As described above, the automatic balancing device of the disc drive according to the present invention is pressurized so that the fluid filled in the receiving grooves as the rotation of the rotating body is collected in the center portion along the direction of the groove 5 with respect to the rotation direction, As a result, a pressure gradient is formed on the outer wall of the receiving groove to reach a maximum pressure at the point of contact with the ball, thereby transmitting a force opposite to the ball's centrifugal force due to the rotation of the rotor in the radial direction at the point of contact with the ball. An oil film with a very small gap is formed between the ball and the wall, which reduces friction and frees the ball to move.
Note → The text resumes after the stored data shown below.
(* The function $g(z)=\sum_{n=0}^\infty\frac{z^n}{(2n+1)!}$ is holomorphic on $\mathbb C$, and $g'(z)\ne0$ for all $z$ in the open disc $B_{\pi^2}(0)=\{|z|<\pi^2\}$. Moreover, the restriction of $g$ to the circle $\partial B_{\pi^2}(0)$ is a homeomorphism onto its image, and this image (a Jordan curve) surrounds the disc $B_1(1)=\{|w-1|<1\}$, i.e. $B_1(1)$ is contained in the bounded component of the complement of $g(\partial B_{\pi^2}(0))$.
   Context: For real $r>-\pi^2$ this $g$ coincides with $\sinh(\sqrt r)/\sqrt r$ (with value $1$ at $r=0$, and $\sin(\sqrt{-r})/\sqrt{-r}$ for $r<0$). *)

theory Defs
  imports "HOL-Complex_Analysis.Complex_Analysis"
begin

definition g_fun :: "complex \<Rightarrow> complex" where
  "g_fun z = (\<Sum>n. z ^ n / of_nat (fact (2 * n + 1)))"

end

theory Submission
  imports Defs
begin

text \<open>
  On the circle |z| = \<pi>^2 the first four terms of Re g'(z) dominate the remaining
  ones, so Re g' \<ge> 1/25 there and, by the minimum principle, on the whole closed disc.
  A function whose derivative has positive real part on a convex set is injective
  (Noshiro-Warschawski), so g maps the circle homeomorphically onto its image.
  Writing g z = 1 + z h(z), the value g(-\<pi>^2) = sin \<pi> / \<pi> = 0 gives h(-\<pi>^2) = 1/\<pi>^2,
  and an estimate of the same kind shows Re h(z) \<ge> h(-\<pi>^2) on the circle, whence
  |g z - 1| \<ge> 1 there. Hence B(1, 1) misses the image curve and lies in the component
  of g 0 = 1, which the open mapping theorem confines to the bounded set g(B(0, \<pi>^2)).
\<close>

lemma suminf_le_ratio_bound:
  fixes a :: "nat \<Rightarrow> real"
  assumes nonneg: "\<And>n. 0 \<le> a n" and ratio: "\<And>n. a (Suc n) \<le> q * a n"
    and q: "0 \<le> q" "q < 1"
  shows "summable a" "suminf a \<le> a 0 / (1 - q)"
proof -
  have le_geometric: "a n \<le> a 0 * q ^ n" for n
  proof (induction n)
    case (Suc n)
    have "a (Suc n) \<le> q * a n" by (rule ratio)
    also have "\<dots> \<le> q * (a 0 * q ^ n)" using Suc q by (intro mult_left_mono) auto
    finally show ?case by (simp add: algebra_simps)
  qed simp
  have geometric: "summable (\<lambda>n. a 0 * q ^ n)"
    using q by (intro summable_mult summable_geometric) auto
  show "summable a"
    by (rule summable_comparison_test[OF _ geometric]) (use nonneg le_geometric in auto)
  then have "suminf a \<le> (\<Sum>n. a 0 * q ^ n)" by (rule suminf_le[OF le_geometric _ geometric])
  also have "\<dots> = a 0 / (1 - q)" using q by (simp add: suminf_mult suminf_geometric divide_simps)
  finally show "suminf a \<le> a 0 / (1 - q)" .
qed
(* In the setting described in the context (Assumptions A and B hold), run the VS-PGR scheme with batch sizes $S_k=\lceil\alpha^{-2}\rho^{-(k+1)}\rceil$ for some $\rho\in(0,1)$, with $\mathbb{E}[\|x_0-x^*\|^2]\le C$ for some $C>0$, and with step size $\alpha\in(0,2\eta/\tilde L^2)$. Then $q\triangleq1-2\alpha\eta+\alpha^2\tilde L^2<1$ and for every $k\ge0$: (i) if $\rho\ne q$, $\mathbb{E}[\|x_k-x^*\|^2]\le C(\rho,q)\max\{\rho,q\}^k$, where $C(\rho,q)\triangleq C+\frac{\alpha^2\nu^2}{\max\{\rho/q,q/\rho\}-1}$; (ii) if $\rho=q$, then for any $\tilde q\in(q,1)$, $\mathbb{E}[\|x_k-x^*\|^2]\le\tilde D\tilde q^k$, where $\tilde D\triangleq C+\frac{\alpha^2\nu^2}{\ln((\tilde q/q)^e)}$.
   Context: Game: $n$ players; player $i$ chooses $x_i\in\mathbb{R}^{d_i}$, $x=(x_1,\dots,x_n)\in\mathbb{R}^d$, and solves $\min_{x_i} f_i(x_i,x_{-i})+r_i(x_i)$ with $f_i(x)=\mathbb{E}[\psi_i(x;\xi_i)]$, $\xi_i$ a random vector in $\mathbb{R}^{m_i}$. A Nash equilibrium (NE) is $x^*$ such that for each $i$, $x_i^*$ minimizes $f_i(\cdot,x_{-i}^* )+r_i(\cdot)$. Assumption A: for each $i$, (i) $r_i$ is lower semicontinuous and convex with effective domain $\mathcal{R}_i$; (ii) for every $x_{-i}\in\prod_{j\ne i}\mathcal{R}_j$, $f_i(\cdot,x_{-i})$ is continuously differentiable and convex on an open set containing $\mathcal{R}_i$; (iii) for every such $x_{-i}$ and every $\xi_i$, $\psi_i(\cdot,x_{-i};\xi_i)$ is differentiable on an open set containing $\mathcal{R}_i$. Let $\mathcal{R}=\prod_j\mathcal{R}_j$, $G(x)=(\nabla_{x_i}f_i(x))_{i=1}^n$, $\mathrm{prox}_{\alpha r_i}(z)=\arg\min_y(r_i(y)+\frac1{2\alpha}\|y-z\|^2)$. VS-PGR scheme: with $x_{i,0}\in\mathcal{R}_i$, at iteration $k$ each player $i$ draws $S_k$ realizations $\xi_{i,k}^p$ of $\xi_i$ and sets $x_{i,k+1}=\mathrm{prox}_{\alpha r_i}\big[x_{i,k}-\frac{\alpha}{S_k}\sum_{p=1}^{S_k}\nabla_{x_i}\psi_i(x_k;\xi_{i,k}^p)\big]$. Let $\bar w_{k,S_k}=\frac1{S_k}\sum_p(\nabla_{x_i}\psi_i(x_k;\xi_{i,k}^p))_{i}-G(x_k)$, $\mathcal{F}_k=\sigma\{x_0,\dots,x_k\}$. Assumption B: (i) $G$ is $L$-Lipschitz on $\mathcal{R}$; (ii) $G$ is $\eta$-strongly monotone on $\mathcal{R}$: $(G(x)-G(y))^T(x-y)\ge\eta\|x-y\|^2$; (iii) there are $\nu_1,\nu_2\ge0$ with $\mathbb{E}[\|\bar w_{k,S_k}\|^2\mid\mathcal{F}_k]\le(\nu_1^2\|x_k\|^2+\nu_2^2)/S_k$ a.s. The NE $x^*$ is unique. Constants: $\tilde L\triangleq\sqrt{1+2(1+2\alpha^2)\nu_1^2+2L^2}$, $\nu^2\triangleq2(1+2\alpha^2)\nu_1^2\|x^*\|^2+(1+2\alpha^2)\nu_2^2$, and $\ln((\tilde q/q)^e)=e\ln(\tilde q/q)$. *)

theory Defs
  imports "HOL-Probability.Probability"
begin

text \<open>Block structure. The joint decision vector lives in real^'n; the map blk :: 'n => 'p
assigns each coordinate to a player.  Player i's decision x_i is the block of coordinates
with blk j = i.\<close>

definition restr :: "('n \<Rightarrow> 'p) \<Rightarrow> 'p \<Rightarrow> real^'n \<Rightarrow> real^'n" where
  "restr blk i x = (\<chi> j. if blk j = i then x $ j else 0)"

definition embed :: "('n \<Rightarrow> 'p) \<Rightarrow> 'p \<Rightarrow> real^'n \<Rightarrow> real^'n \<Rightarrow> real^'n" where
  "embed blk i u x = (\<chi> j. if blk j = i then u $ j else x $ j)"

definition gradf :: "(real^'n \<Rightarrow> real) \<Rightarrow> real^'n \<Rightarrow> real^'n" where
  "gradf g u = (THE v. (g has_derivative (\<lambda>h. v \<bullet> h)) (at u))"

text \<open>Partial gradient with respect to block i at x (as a vector supported on block i).\<close>
definition pgrad :: "('n \<Rightarrow> 'p) \<Rightarrow> (real^'n \<Rightarrow> real) \<Rightarrow> 'p \<Rightarrow> real^'n \<Rightarrow> real^'n" where
  "pgrad blk g i x = gradf (\<lambda>u. g (embed blk i u x)) x"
Effect occurs.

Claims (4)

In the self-balancing device of a disk drive comprising a rotating body having an annular accommodating groove, a plurality of balls fluidly accommodated in the accommodating groove, and a fluid filled in the accommodating groove, And one or more grooves formed on an outer wall of the receiving groove. The method of claim 1, The shape of one groove of the plurality of grooves, the disk drive automatic balance device, characterized in that it is made of any one of the shape of semi-circular, triangular, rectangular, conical, trapezoidal. The method of claim 2, One groove formed in the shape is any one of a comb pattern, spiral form, semi-circular form, circumferential form, scissors table form of a plurality of continuous balancing on the outer wall surface of the disk drive, characterized in that the automatic drive device. The method of claim 1, The outer wall surface of the receiving groove is any one of a straight line shape, inclined straight line shape, concave shape, convex shape, characterized in that the disk drive automatic balancing device.